Accepted: 27 August 2014

Published: 18 September 2014

Abstract

Background

Tangier disease (TD) is a rare autosomal recessive disorder, resulting from mutations in the ATP binding cassette transporter (ABCA1) gene. The deficiency of ABCA1 protein impairs high density lipoprotein (HDL) synthesis and cholesterol esters trafficking.

Case Report

A 58 year-old female, presenting with complex clinical signs (splenomegaly, dysarthria, dysphagia, ataxia, tongue enlargement, prurigo nodularis, legs lymphedema, pancytopenia and bone marrow foam cells), was misdiagnosed as Niemann-Pick C (NPC) and treated with miglustat (300 mg/day), normalizing neurological symptoms and improving skin lesions and legs lymphedema. Subsequently filipin-staining and molecular analysis for NPC genes were negative.

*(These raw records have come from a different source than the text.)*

text \<open>The busy stretch is extended to the left as far as possible; had a job processed in it
  been released earlier, the machine would already have been busy before.\<close>

lemma busy_period:
  assumes "finite Y" and valid: "valid_sched r Y \<sigma>"
    and no_idle: "\<And>i. i \<in> Y \<Longrightarrow> busy_on \<sigma> Y (r i) (completion_time \<sigma> i)"
    and start: "iu0 \<in> pieces \<sigma> Y" "fst (piece \<sigma> iu0) < t" "busy_on \<sigma> Y (fst (piece \<sigma> iu0)) t"
    and finished: "\<And>iu. iu \<in> pieces \<sigma> Y \<Longrightarrow> fst (piece \<sigma> iu) < t \<Longrightarrow> completion_time \<sigma> (fst iu) \<le> t"
  obtains X k where "X \<subseteq> Y" "k \<in> X" "\<And>i. i \<in> X \<Longrightarrow> r k \<le> r i"
    "processing \<sigma> X = t - r k"
proof -
  define B where "B = {iu \<in> pieces \<sigma> Y. fst (piece \<sigma> iu) < t \<and> busy_on \<sigma> Y (fst (piece \<sigma> iu)) t}"
  have "iu0 \<in> B" using start unfolding B_def by blast
  moreover have "finite B"
    using \<open>finite Y\<close> unfolding B_def by (auto intro: finite_subset[OF _ finite_pieces])
  ultimately obtain iub where iub: "iub \<in> B" and min: "\<And>iu. iu \<in> B \<Longrightarrow> fst (piece \<sigma> iub) \<le> fst (piece \<sigma> iu)"
    using ex_min_on[of B "\<lambda>iu. fst (piece \<sigma> iu)"] by (metis empty_iff)
  define b where "b = fst (piece \<sigma> iub)"
  have b: "b < t" "busy_on \<sigma> Y b t" using iub unfolding B_def b_def by auto
  have not_before_b: "b \<le> fst (piece \<sigma> iu)"
    if "iu \<in> pieces \<sigma> Y" "fst (piece \<sigma> iu) \<le> a" "a \<le> snd (piece \<sigma> iu)" "a < t" "busy_on \<sigma> Y a t" for iu a
    using busy_on_extend_by_piece[OF that(1-3,5)] that(1,2,4) min[of iu] unfolding B_def b_def by auto
  define X where "X = {i \<in> Y. \<exists>u. (i, u) \<in> pieces \<sigma> Y \<and> b \<le> fst (\<sigma> i ! u) \<and> fst (\<sigma> i ! u) < t}"
  have release: "b \<le> r i" if "i \<in> X" for i
  proof (rule ccontr)
    assume "\<not> b \<le> r i"
    obtain u where u: "(i, u) \<in> pieces \<sigma> Y" "b \<le> fst (\<sigma> i ! u)"
      using \<open>i \<in> X\<close> unfolding X_def by blast
    have "b < completion_time \<sigma> i"
      using valid_schedD(2)[OF valid u(1)] piece_end_le_completion_time[OF u(1)] u(2) by simp
    moreover have iY: "i \<in> Y" using that unfolding X_def by blast
    ultimately have "busy_on \<sigma> Y (r i) b"
      using busy_on_shorten[OF no_idle] by (simp add: less_imp_le)
    then have "busy_on \<sigma> Y (r i) t" using b(2) by (rule busy_on_trans)
    moreover obtain kv where kv: "kv \<in> pieces \<sigma> Y" "fst (piece \<sigma> kv) \<le> r i" "r i \<le> snd (piece \<sigma> kv)"
      using no_idle[OF iY] \<open>b < completion_time \<sigma> i\<close> \<open>\<not> b \<le> r i\<close>
      unfolding busy_on_def busy_def by force
    ultimately show False
      using not_before_b[OF kv] \<open>\<not> b \<le> r i\<close> b(1) by linarith
  qed
  obtain k u where k: "iub = (k, u)" by fastforce
  have "k \<in> X" "r k = b"
    using iub release valid_schedD(1)[OF valid, of iub] unfolding B_def X_def b_def k by force+
  have "X \<subseteq> Y" unfolding X_def by blast
  have "processing \<sigma> X = t - b"
  proof (rule processing_eq_window)
    show "finite X" using \<open>X \<subseteq> Y\<close> \<open>finite Y\<close> by (rule finite_subset)
    show "valid_sched r X \<sigma>" using \<open>X \<subseteq> Y\<close> valid by (rule valid_sched_subset)
    show "b \<le> t" using b(1) by simp
    show "b \<le> fst (piece \<sigma> iu) \<and> snd (piece \<sigma> iu) \<le> t" if iu_X: "iu \<in> pieces \<sigma> X" for iu
    proof -
      obtain i u where iu: "iu = (i, u)" "i \<in> X" "(i, u) \<in> pieces \<sigma> Y"
        using iu_X \<open>X \<subseteq> Y\<close> by (cases iu) auto
      obtain u' where "(i, u') \<in> pieces \<sigma> Y" "fst (\<sigma> i ! u') < t"
        using \<open>i \<in> X\<close> unfolding X_def by blast
      then have "completion_time \<sigma> i \<le> t" using finished[of "(i, u')"] by simp
      then show ?thesis
        using release[OF \<open>i \<in> X\<close>] valid_schedD(1)[OF valid iu(3)] piece_end_le_completion_time[OF iu(3)] iu(1)
        by simp
    qed
    show "busy_on \<sigma> X b t"
      unfolding busy_on_def
    proof
      fix z assume z: "z \<in> {b..<t}"
      then obtain iu where iu: "iu \<in> pieces \<sigma> Y" "fst (piece \<sigma> iu) \<le> z" "z \<le> snd (piece \<sigma> iu)"
        using b(2) unfolding busy_on_def busy_def by blast
      have "busy_on \<sigma> Y z t" using b(2) z unfolding busy_on_def by simp
      then have "b \<le> fst (piece \<sigma> iu)" using not_before_b[OF iu] z by simp
      then have "iu \<in> pieces \<sigma> X"
        using iu z unfolding X_def by (cases iu) auto
      then show "busy \<sigma> X z" using iu unfolding busy_def by blast
    qed
  qed
  then show ?thesis using that \<open>X \<subseteq> Y\<close> \<open>k \<in> X\<close> \<open>r k = b\<close> release by blast
qed

lemma release_lt_completion_time:
  assumes "valid_sched r S \<sigma>" "i \<in> S"
  shows "r i < completion_time \<sigma> i"
proof -
  obtain u where u: "(i, u) \<in> pieces \<sigma> S" "snd (\<sigma> i ! u) = completion_time \<sigma> i"
    using completion_time_attained[of i S \<sigma>] assms valid_sched_nonempty[OF assms] by blast
  show ?thesis using valid_schedD[OF assms(1) u(1)] u(2) by simp
qed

Lipid profiling showed severe deficiency of HDL, 2 mg/dl (n.v. 45-65) and apoAI, 5.19 mg/dl (n.v. 110-170), suggesting TD as a probable diagnosis. Molecular analysis of ABCA1 gene showed the presence of a novel homozygous deletion (c.4464-486_4698 + 382 Del). Miglustat treatment was then interrupted with worsening of some neurological signs (memory defects, slowing of thought processes) and skin lesions. Treatment was restarted after 7 months with neurological normalization and improvement of skin involvement.

Conclusions

These results suggest miglustat as a possible therapeutic approach in this untreatable disease. The mechanisms by which miglustat ameliorates at least some clinical manifestations of TD needs to be further investigated.

Keywords

Tangier DiseaseNiemann Pick type CMiglustatGlycosphingolipids

Introduction

Tangier disease (TD) (OMIM #205400) is a rare autosomal recessive disorder, resulting from mutations in the ATP binding cassette transporter (ABCA1) gene, mapped to chromosome 9q22-q31. The ABCA1 gene encodes a multiple trans-membrane domain protein (ABCA1) involved in the efflux of free cholesterol from peripheral cells to Apolipoprotein A-I (ApoAI) generating nascent high-density lipoprotein (HDL). As a result of the ABCA1 defect, patients present with a characteristic severe deficiency or absence of HDL in the plasma, rapid catabolism of ApoAI and an accumulation of cholesterol esters in macrophages and other reticuloendothelial cells in multiple tissues [1],[2]. Biochemically, the disease is therefore characterized by very low plasma levels of HDL and ApoAI, low total cholesterol and normal or high levels of triglycerides. Classical clinical symptoms include hyperplastic orange tonsils, polyneuropathy, hepatosplenomegaly, enlarged lymph nodes, corneal clouding and premature atherosclerosis. Nevertheless, several atypical phenotypic presentations have also been described that include asymptomatic milder phenotypes, forms with early cardiac involvement and central nervous system presentation [3]-[5]. To date, there is no specific treatment for TD.

At the cellular level, several studies have suggested a homeostatic link between ABCA1 function and NPC1/NPC2, the two proteins involved in the transport of cholesterol and other lipids from late endosomes/lysosomes to other cellular compartments, including the endoplasmic reticulum [6],[7]. The deficit of either NPC1 or NPC2 causes Niemann Pick C (NPC) disease (OMIM #257220, OMIM #607625), a rare autosomal recessive disorder characterized by the accumulation of unesterified cholesterol and other lipids within the late endocytic system of cells [8]. The expression of ABCA1 is impaired in human NPC1 disease fibroblasts. This translates into reduced HDL particle formation, providing a mechanism for the reduced plasma HDL cholesterol seen in the majority of NPC patients [6],[9]. Clinically, NPC is characterized by progressive neurological deterioration and hepatosplenomegaly, with varying age at onset and ensuing course. While cholesterol is the main lipid accumulated in peripheral tissues in NPC disease, glycosphingolipids (GSL) are the major species that accumulate in the central nervous system [8]. Based on these findings, miglustat, an imino sugar drug that inhibits glucosylceramide synthase, the enzyme which catalyses the first step in GSL biosynthesis, has been evaluated for the treatment of neurological manifestations of NPC disease. Its efficacy was demonstrated first in animal models [10] and then in an international randomized clinical trial and in long-term extension studies [11]-[13]. Subsequently, miglustat was approved for the treatment of NPC in European Union countries, as well as most countries worldwide (e.g. Australia, Argentina, Canada, Russia).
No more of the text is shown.